My first Valentine’s day with Dave was a disaster. We were in college and he wanted to take me out for dinner. So, he drove down from North Dakota and I hitched a ride to Minneapolis and we met at his parents’ house. We were going to go to the Cheesecake Factory. It was new and we were 20 and had no concept of “fancy”, so it was a big deal. I got all dressed up and Dave cleaned his car.
When we got to the restaurant, Dave dropped me off at the door and left to park the car. I didn’t see him again for an hour. What happened was, he forgot which entrance I was near and went to the wrong door. Then, while he was waiting, he got a bloody nose. It was February in Minnesota and as his mom explained later, “David has thin mucus membranes.” When I saw him again, he was upset and had bloody tissues in his nose. “I thought you were stolen!” He said giving me a hug.

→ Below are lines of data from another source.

lemma only_odd_odd_drops_Cons_max:
  assumes "odd N" and "ys \<noteq> []" and "\<forall>y\<in>set ys. y < N"
  shows "only_odd_odd_drops (N # ys) \<longleftrightarrow> odd (hd ys) \<and> successively allowed_step ys"
proof -
  have "hd ys < N" "last ys < N"
    using assms(2,3) by simp_all
  then have "hd ys < N" "\<not> N < last ys"
    by simp_all
  with assms show ?thesis
    by (auto simp: only_odd_odd_drops_iff_successively successively_append_iff
        successively_Cons allowed_step_def)
qed

lemma rotations_eq_range:
  assumes "length xs = N" and "0 < N"
  shows "{rotate k xs | k. k < N} = range (\<lambda>k. rotate k xs)"
proof -
  have "rotate k xs \<in> {rotate k xs | k. k < N}" for k
    using assms rotate_conv_mod[of k xs] by auto
  then show ?thesis by auto
qed

lemma range_rotate_rotate: "range (\<lambda>k. rotate k (rotate i xs)) = range (\<lambda>k. rotate k xs)"
proof -
  have "rotate k xs = rotate (k + (length xs - 1) * i) (rotate i xs)" for k
  proof (cases xs)
    case (Cons y ys)
    then have "k + (length xs - 1) * i + i = k + length xs * i"
      by simp
    have "rotate (k + (length xs - 1) * i) (rotate i xs) = rotate (k + (length xs - 1) * i + i) xs"
      by (rule rotate_rotate)
    also have "\<dots> = rotate k (rotate (length xs * i) xs)"
      unfolding \<open>k + (length xs - 1) * i + i = k + length xs * i\<close> by (rule rotate_rotate[symmetric])
    finally show ?thesis by simp
  qed simp
  then show ?thesis
    by (auto simp: rotate_rotate)
qed

lemma length_perms_list: "xs \<in> perms_list N \<Longrightarrow> length xs = N"
  unfolding perms_list_def using distinct_card by fastforce

lemma cycles_on_eq_range: "0 < N \<Longrightarrow> cycles_on N = (\<lambda>xs. range (\<lambda>k. rotate k xs)) ` perms_list N"
  unfolding cycles_on_def by (intro image_cong refl) (simp add: rotations_eq_range length_perms_list)

lemma Cons_max_in_perms_list:
  assumes "0 < N"
  shows "N # ys \<in> perms_list N \<longleftrightarrow> distinct ys \<and> set ys = {1..N - 1}"
proof
  assume "N # ys \<in> perms_list N"
  then have "distinct ys" "N \<notin> set ys" "insert N (set ys) = {1..N}"
    by (simp_all add: perms_list_def)
  moreover have "{1..N} - {N} = {1..N - 1}"
    by auto
  ultimately show "distinct ys \<and> set ys = {1..N - 1}"
    by (metis Diff_insert_absorb)
qed (use assms in \<open>auto simp: perms_list_def\<close>)

lemma odd_block_iff_only_odd_odd_drops_Cons_max:
  assumes "odd N" and "2 \<le> N"
  shows "odd_block ys \<and> set ys = {1..N - 1} \<longleftrightarrow>
    N # ys \<in> perms_list N \<and> only_odd_odd_drops (N # ys)"
proof (cases "set ys = {1..N - 1}")
  case True
  then have "ys \<noteq> []" "\<forall>y\<in>set ys. y < N"
    using assms(2) by auto
  then show ?thesis
    using True assms Cons_max_in_perms_list[of N ys] only_odd_odd_drops_Cons_max[of N ys]
    by (auto simp: odd_block_def)
qed (use assms Cons_max_in_perms_list[of N ys] in auto)

lemma inj_on_rotations_Cons_max:
  "inj_on (\<lambda>ys. range (\<lambda>k. rotate k (N # ys))) {ys. N # ys \<in> perms_list N}"
proof (rule inj_onI)
  fix ys ys' assume ys: "ys \<in> {ys. N # ys \<in> perms_list N}"
    and "range (\<lambda>k. rotate k (N # ys)) = range (\<lambda>k. rotate k (N # ys'))"
  then obtain k where k: "N # ys' = rotate k (N # ys)"
    by (metis (mono_tags, lifting) rangeE rangeI rotate0 id_apply)
  have dist: "distinct (N # ys)" and len: "length (N # ys) = N"
    using ys length_perms_list[of "N # ys"] by (simp_all add: perms_list_def)
  have "(N # ys) ! (k mod N) = (N # ys) ! 0"
    using hd_rotate_conv_nth[of "N # ys" k] k len by (metis list.distinct(1) list.sel(1) nth_Cons_0)
  moreover have "k mod N < length (N # ys)" "0 < length (N # ys)"
    using len by simp_all
  ultimately have "k mod N = 0"
    using nth_eq_iff_index_eq[OF dist] by blast
  then show "ys = ys'"
    using k len by (metis list.inject rotate_conv_mod rotate0 id_apply)
qed

lemma rotations_perms_list_Cons_max:
  assumes "xs \<in> perms_list N" and "0 < N"
  obtains ys where "N # ys \<in> perms_list N" and "range (\<lambda>k. rotate k xs) = range (\<lambda>k. rotate k (N # ys))"
proof -
  have len: "length xs = N"
    using length_perms_list[OF assms(1)] .
  have "N \<in> set xs"
    using assms by (simp add: perms_list_def)
  then obtain i where i: "i < N" "xs ! i = N"
    using len by (metis in_set_conv_nth)
  moreover have "xs \<noteq> []"
    using len assms(2) by auto
  ultimately have "hd (rotate i xs) = N" "rotate i xs \<noteq> []"
    using hd_rotate_conv_nth[of xs i] len by simp_all
  then obtain ys where ys: "rotate i xs = N # ys"
    by (metis list.collapse)
  have "N # ys \<in> perms_list N"
    using assms(1) by (simp flip: ys add: perms_list_def)
  moreover have "range (\<lambda>k. rotate k xs) = range (\<lambda>k. rotate k (N # ys))"
    using range_rotate_rotate[of i xs] ys by simp
  ultimately show thesis
    using that by blast
qed

lemma bij_betw_odd_blocks_cycles:
  assumes "odd N" and "2 \<le> N"
  shows "bij_betw (\<lambda>ys. range (\<lambda>k. rotate k (N # ys)))
    {ys. odd_block ys \<and> set ys = {1..N - 1}} {C \<in> cycles_on N. \<forall>xs\<in>C. only_odd_odd_drops xs}"
proof (rule bij_betw_imageI)
  let ?A = "{ys. odd_block ys \<and> set ys = {1..N - 1}}"
  note blocks = odd_block_iff_only_odd_odd_drops_Cons_max[OF assms]
  show "inj_on (\<lambda>ys. range (\<lambda>k. rotate k (N # ys))) ?A"
    using blocks by (blast intro: inj_on_subset[OF inj_on_rotations_Cons_max])
  have cycles: "cycles_on N = (\<lambda>xs. range (\<lambda>k. rotate k xs)) ` perms_list N"
    using cycles_on_eq_range assms(2) by simp
  show "(\<lambda>ys. range (\<lambda>k. rotate k (N # ys))) ` ?A
      = {C \<in> cycles_on N. \<forall>xs\<in>C. only_odd_odd_drops xs}"
  proof (intro equalityI subsetI)
    fix C assume "C \<in> (\<lambda>ys. range (\<lambda>k. rotate k (N # ys))) ` ?A"
    then show "C \<in> {C \<in> cycles_on N. \<forall>xs\<in>C. only_odd_odd_drops xs}"
      unfolding cycles using blocks by (auto simp: only_odd_odd_drops_rotate)
  next
    fix C assume C: "C \<in> {C \<in> cycles_on N. \<forall>xs\<in>C. only_odd_odd_drops xs}"
    then obtain xs where "xs \<in> perms_list N" and "C = range (\<lambda>k. rotate k xs)"
      unfolding cycles by blast
    then obtain ys where ys: "N # ys \<in> perms_list N" and C_eq: "C = range (\<lambda>k. rotate k (N # ys))"
      using rotations_perms_list_Cons_max assms(2) by (metis pos2 order_less_le_trans)
    have "only_odd_odd_drops (N # ys)"
      using C C_eq by (metis (mono_tags, lifting) mem_Collect_eq rangeI rotate0 id_apply)
    then show "C \<in> (\<lambda>ys. range (\<lambda>k. rotate k (N # ys))) ` ?A"
      using ys C_eq blocks by blast
  qed
qed

lemma card_block_partitions_1: "card (block_partitions X 1) = card {L. odd_block L \<and> set L = X}"
proof -
  have "block_partitions X 1 = (\<lambda>L. {L}) ` {L. odd_block L \<and> set L = X}"
    by (auto simp: block_partitions_def block_partition_def card_Suc_eq)
  then show ?thesis
    by (simp add: card_image)
qed

theorem corollary1p5:
  fixes n :: nat
  assumes "n \<ge> 2"
  shows "genocchi_median (n - 2) =
         of_nat (card {C \<in> cycles_on (2 * n - 1). \<forall>xs \<in> C. only_odd_odd_drops xs})"
proof -
  have N: "odd (2 * n - 1)" "2 \<le> 2 * n - 1" "2 * n - 1 - 1 = 2 * (n - 1)"
    using assms by auto
  have "card {C \<in> cycles_on (2 * n - 1). \<forall>xs \<in> C. only_odd_odd_drops xs}
      = card {L. odd_block L \<and> set L = {1..2 * (n - 1)}}"
    using bij_betw_same_card[OF bij_betw_odd_blocks_cycles[OF N(1,2)]] N(3) by simp
  also have "\<dots> = median_triangle (n - 1) 1"
    using card_block_partitions_1 card_block_partitions_even by metis
  finally have count: "card {C \<in> cycles_on (2 * n - 1). \<forall>xs \<in> C. only_odd_odd_drops xs}
      = median_triangle (n - 1) 1" .
  have "Suc (n - 2) = n - 1"
    using assms by simp
  then show ?thesis
    using genocchi_median_eq_median_triangle[of "n - 2"] count by (simp only:)
qed

end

I think that’s when I knew I loved him. But I was hungry, so I wouldn’t tell him for another five months. Because Dave was late, I had forfeited our table and now it would be another hour wait. So, we decided to go somewhere else.
Except, on our way to a different restaurant, we got caught in traffic. And sat in traffic for 40 minutes. I was tired. Hungry and annoyed. Dave was tired hungry and bleeding through the nose. So, I finally said, “Hey, take me to Wendy’s!” And defeated, Dave pulled off the highway and we ordered burgers from the drive-thru and took the back roads home to his parents’ house.

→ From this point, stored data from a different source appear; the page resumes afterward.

(* Let $n\ge 2$ and $j\ge 1$ be integers. There are $n$ Bernoulli arms whose means are i.i.d. uniform on $(0,1)$; given the means, each arm has i.i.d. Bernoulli observations with success probability equal to its mean, independent across arms. For each arm $i$ let $s_i$ be its number of successes among its first $j$ observations. Let $N^*$ be the number of arms $i$, other than the arm with the largest mean, such that $s_i=0$ and $\max_{l\ne i}s_l=j$. Let $U$ be uniform on $(0,1)$ and $W=U^{1/n}$. Then $\mathbb{E}[N^*]=(n-1)D$, where $$D=\mathbb{E}\Big[\frac{1-(1-W)^{j+1}}{(j+1)W}\Big(1-(1-W^j)\Big(1-\frac{W^j}{j+1}\Big)^{n-2}\Big)\Big].$$
   Context: $N^*$ is the number of non-best arms eliminated by early elimination with parameter $j$ (an arm is eliminated after round $j$ if it had all failures in its first $j$ observations while another arm had all successes). *)

theory Defs
  imports "HOL-Probability.Probability"
begin

text \<open>Outcome of one arm: (its mean, its first j observations as a Boolean sequence;
only indices below j are relevant).\<close>

definition obs_space :: "nat \<Rightarrow> (nat \<Rightarrow> bool) measure" where
  "obs_space j = PiM {..<j} (\<lambda>_. count_space UNIV)"

definition bern_obs :: "nat \<Rightarrow> real \<Rightarrow> (nat \<Rightarrow> bool) measure" where
  "bern_obs j p = PiM {..<j} (\<lambda>_. measure_pmf (bernoulli_pmf p))"

definition arm_law :: "nat \<Rightarrow> (real \<times> (nat \<Rightarrow> bool)) measure" where
  "arm_law j = uniform_measure lborel {0<..<1::real} \<bind>
     (\<lambda>p. distr (bern_obs j p) (borel \<Otimes>\<^sub>M obs_space j) (\<lambda>x. (p, x)))"

definition bandit_law :: "nat \<Rightarrow> nat \<Rightarrow> (nat \<Rightarrow> real \<times> (nat \<Rightarrow> bool)) measure" where
  "bandit_law n j = PiM {..<n} (\<lambda>_. arm_law j)"

definition succ :: "nat \<Rightarrow> (nat \<Rightarrow> real \<times> (nat \<Rightarrow> bool)) \<Rightarrow> nat \<Rightarrow> nat" where
  "succ j \<omega> i = card {k \<in> {..<j}. snd (\<omega> i) k}"

text \<open>N*: number of non-best arms i with s_i = 0 and max over l \<noteq> i of s_l = j.
  "Non-best" = some other arm has strictly larger mean (ties have probability 0).\<close>
definition Nstar :: "nat \<Rightarrow> nat \<Rightarrow> (nat \<Rightarrow> real \<times> (nat \<Rightarrow> bool)) \<Rightarrow> nat" where
  "Nstar n j \<omega> = card {i \<in> {..<n}.
      (\<exists>l<n. fst (\<omega> l) > fst (\<omega> i)) \<and> succ j \<omega> i = 0 \<and>
      Max {succ j \<omega> l | l. l < n \<and> l \<noteq> i} = j}"

definition Dconst :: "nat \<Rightarrow> nat \<Rightarrow> real" where
  "Dconst n j = (\<integral>u. (let w = u powr (1 / real n) in
      (1 - (1 - w) ^ (j + 1)) / (real (j + 1) * w) *
      (1 - (1 - w ^ j) * (1 - w ^ j / real (j + 1)) ^ (n - 2)))
     \<partial>(uniform_measure lborel {0<..<1::real}))"

end

theory Submission
  imports Defs
begin

text \<open>
  By linearity and symmetry, E[N*] is n times the probability that arm i is eliminated early.
  Conditionally on its mean p, arm i fails j times with probability (1 - p)^j, and the other
  n - 1 arms are independent of it. By inclusion-exclusion over the events "all their means are
  at most p" and "none of them succeeds j times", they eliminate arm i with probability
  1 - p^(n-1) - c(1)^(n-1) + c(p)^(n-1), where c(q) = q - q^(j+1)/(j+1) is the probability that
  an arm has mean at most q and does not succeed j times. Integrating against (1 - p)^j, an
  integration by parts followed by the substitution u = w^n turns the result into (n - 1) D.
\<close>

lemma interval_integral_FTC_real:
  fixes f F :: "real \<Rightarrow> real"
  assumes "a \<le> b" "continuous_on {a..b} f" "\<And>x. (F has_real_derivative f x) (at x)"
  shows "(LBINT x=a..b. f x) = F b - F a"
  using assms
  by (intro interval_integral_FTC_finite)
     (auto simp: has_real_derivative_iff_has_vector_derivative[symmetric] intro: has_field_derivative_at_within)

lemma interval_integral_indicator_atMost:
  fixes f :: "real \<Rightarrow> real"
  assumes "0 \<le> q" "q \<le> 1"
  shows "(LBINT p=0..1. indicator {..q} p * f p) = (LBINT p=0..q. f p)"
  using assms
  by (simp add: interval_integral_Ioo set_lebesgue_integral_def)
     (rule integral_discrete_difference[where X="{q}"], auto split: split_indicator)

lemma integral_uniform_measure_Ioo_01:
  fixes f :: "real \<Rightarrow> real"
  assumes [measurable]: "f \<in> borel_measurable borel"
  shows "(\<integral>u. f u \<partial>uniform_measure lborel {0<..<1}) = (LBINT u=0..1. f u)"
proof -
  have "uniform_measure lborel {0<..<1::real} = density lborel (\<lambda>u. ennreal (indicator {0<..<1} u))"
    unfolding uniform_measure_def by (simp add: divide_ennreal_def ennreal_indicator)
  then show ?thesis
    by (simp add: integral_density interval_integral_Ioo set_lebesgue_integral_def)
qed

lemma one_minus_power_one_minus: "1 - (1 - w) ^ (j + 1) = w * (\<Sum>i\<le>j. (1 - w) ^ i :: real)"
  using one_diff_power_eq[of "1 - w" "j + 1"] by (simp add: lessThan_Suc_atMost)

lemma interval_integral_root_substitution:
  fixes f :: "real \<Rightarrow> real"
  assumes "1 \<le> n" "continuous_on {0..1} f"
  shows "(LBINT u=0..1. f (root n u)) = (LBINT w=0..1. real n * w ^ (n - 1) * f w)"
proof -
  have cont: "continuous_on {0..1} (\<lambda>u. f (root n u))"
    using assms
    by (intro continuous_on_compose2[OF assms(2)] continuous_intros) (auto simp: real_root_ge_zero)
  have "(LBINT w=ereal 0..ereal 1. (real n * w ^ (n - 1)) *\<^sub>R f (root n (w ^ n))) =
      (LBINT u=ereal (0 ^ n)..ereal (1 ^ n). f (root n u))"
    by (rule interval_integral_substitution_finite)
       (auto intro!: derivative_eq_intros continuous_intros power_le_one intro: continuous_on_subset[OF cont])
  also have "(LBINT w=ereal 0..ereal 1. (real n * w ^ (n - 1)) *\<^sub>R f (root n (w ^ n))) =
      (LBINT w=ereal 0..ereal 1. real n * w ^ (n - 1) * f w)"
    using assms(1) by (intro interval_integral_cong) (auto simp: einterval_iff real_root_pos2)
  finally show ?thesis
    using assms(1) by (simp add: zero_ereal_def one_ereal_def power_0_left)
qed

lemma measure_PiM_PiE_power:
  assumes "prob_space M" "finite J" "S \<in> sets M"
  shows "measure (PiM J (\<lambda>_. M)) (PiE J (\<lambda>_. S)) = measure M S ^ card J"
proof -
  interpret product_prob_space "\<lambda>_. M" J
    using assms(1) by (rule product_prob_spaceI)
  show ?thesis
    using measure_PiM_emb[of J "\<lambda>_. S"] assms(2,3)
    by (simp add: prod_emb_PiE_same_index sets.sets_into_space)
qed

lemma sets_bern_obs [measurable_cong]: "sets (bern_obs j p) = sets (obs_space j)"
  unfolding bern_obs_def obs_space_def by (intro sets_PiM_cong) auto

lemma space_bern_obs: "space (bern_obs j p) = space (obs_space j)"
  using sets_bern_obs by (rule sets_eq_imp_space_eq)

lemma space_obs_space: "space (obs_space j) = PiE {..<j} (\<lambda>_. UNIV)"
  unfolding obs_space_def by (simp add: space_PiM)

When we got back, I changed into sweat pants and came down to the basement to eat a hamburger and watch a crime show. Dave was waiting for me. He had laid out the burgers on nice plates and lit candles. “Happy Valentine’s Day.” He said as I stuffed my face full of fries.
Every year, for Valentine’s we’ve gotten Wendy’s and watched people murder one another on TV. It’s our own special way of saying “I Love You.”
When I was pregnant with Ellis, I forgot about Valentine’s Day. Dave came home to me, eight months great with child, sitting on the couch, eating a frozen pizza. He stood in the doorway. “Hey,” I said, “why do you have flowers? Who died or are we getting a divorce?”
“Happy Valentine’s,” he said.
I swallowed the last of the pizza. “I made you a baby. That’s all the present you get this year. There’s another frozen pizza if you want it.”
“I love you too,” he said.
I reminded him of that Valentine’s last night, as I sat on the couch drinking sparking water and tweeting about how I had cheese in my bra (again).
“That,” he said, “was maybe the best Valentine’s ever.”
“Well, if you want me to top it, I suppose tomorrow I can punch you and then eat your cupcakes.”
“Wait, there will be cupcakes?”
“I might make some. Or buy them.”
“Don’t go getting soft on me,” he said.
And that, is how we do love around here.